▸ Task description
Exact reproduction required: print each line of the material below.

____________

lemma path_edges_4: "path_edges [x0, x1, x2, x3] = {{x0, x1}, {x1, x2}, {x2, x3}}"
proof -
  have "path_edges [x0, x1, x2, x3] =
          (\<lambda>i. {[x0, x1, x2, x3] ! i, [x0, x1, x2, x3] ! Suc i}) ` {i. Suc i < 4}"
    unfolding path_edges_def by auto
  also have "{i. Suc i < 4} = {0, 1, 2 :: nat}" by auto
  finally show ?thesis by (simp add: numeral_eq_Suc)
qed

lemma incidence_vector_path3:
  assumes "distinct [0, a, b, t]"
  shows "incidence_vector (path_edges [0, a, b, t]) = path3_vector t a b"
proof -
  have "{0, a} \<noteq> {a, b}" "{0, a} \<noteq> {b, t}" "{a, b} \<noteq> {b, t}"
    using assms by (auto simp: doubleton_eq_iff)
  then show ?thesis
    by (simp add: path_edges_4 incidence_vector_def path3_vector_def add.assoc)
qed

lemma path_polytope_complete_graph_3:
  "path_polytope {0..n} (complete_graph_edges {0..n}) 0 n 3 =
     convex hull {path3_vector n a b | a b. a \<in> {1..<n} \<and> b \<in> {1..<n} \<and> a \<noteq> b}"
proof -
  have inner: "distinct [0, a, b, n] \<and> set [0, a, b, n] \<subseteq> {0..n} \<longleftrightarrow>
                a \<in> {1..<n} \<and> b \<in> {1..<n} \<and> a \<noteq> b" for a b :: nat
    by auto
  have "{incidence_vector (path_edges vs) | vs. is_st_p_path {0..n} (complete_graph_edges {0..n}) 0 n 3 vs}
      = {incidence_vector (path_edges [0, a, b, n]) | a b.
           distinct [0, a, b, n] \<and> set [0, a, b, n] \<subseteq> {0..n}}"
    unfolding is_st_3_path_complete_graph by blast
  also have "\<dots> = {path3_vector n a b | a b. a \<in> {1..<n} \<and> b \<in> {1..<n} \<and> a \<noteq> b}"
    by (metis (no_types, lifting) incidence_vector_path3 inner)
  finally show ?thesis
    by (simp add: path_polytope_def)
qed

____________

▸ Reply to the exercise
lemma path_edges_4: "path_edges [x0, x1, x2, x3] = {{x0, x1}, {x1, x2}, {x2, x3}}"
proof -
  have "path_edges [x0, x1, x2, x3] =
          (\<lambda>i. {[x0, x1, x2, x3] ! i, [x0, x1, x2, x3] ! Suc i}) ` {i. Suc i < 4}"
    unfolding path_edges_def by auto
  also have "{i. Suc i < 4} = {0, 1, 2 :: nat}" by auto
  finally show ?thesis by (simp add: numeral_eq_Suc)
qed

lemma incidence_vector_path3:
  assumes "distinct [0, a, b, t]"
  shows "incidence_vector (path_edges [0, a, b, t]) = path3_vector t a b"
proof -
  have "{0, a} \<noteq> {a, b}" "{0, a} \<noteq> {b, t}" "{a, b} \<noteq> {b, t}"
    using assms by (auto simp: doubleton_eq_iff)
  then show ?thesis
    by (simp add: path_edges_4 incidence_vector_def path3_vector_def add.assoc)
qed

lemma path_polytope_complete_graph_3:
  "path_polytope {0..n} (complete_graph_edges {0..n}) 0 n 3 =
     convex hull {path3_vector n a b | a b. a \<in> {1..<n} \<and> b \<in> {1..<n} \<and> a \<noteq> b}"
proof -
  have inner: "distinct [0, a, b, n] \<and> set [0, a, b, n] \<subseteq> {0..n} \<longleftrightarrow>
                a \<in> {1..<n} \<and> b \<in> {1..<n} \<and> a \<noteq> b" for a b :: nat
    by auto
  have "{incidence_vector (path_edges vs) | vs. is_st_p_path {0..n} (complete_graph_edges {0..n}) 0 n 3 vs}
      = {incidence_vector (path_edges [0, a, b, n]) | a b.
           distinct [0, a, b, n] \<and> set [0, a, b, n] \<subseteq> {0..n}}"
    unfolding is_st_3_path_complete_graph by blast
  also have "\<dots> = {path3_vector n a b | a b. a \<in> {1..<n} \<and> b \<in> {1..<n} \<and> a \<noteq> b}"
    by (metis (no_types, lifting) incidence_vector_path3 inner)
  finally show ?thesis
    by (simp add: path_polytope_def)
qed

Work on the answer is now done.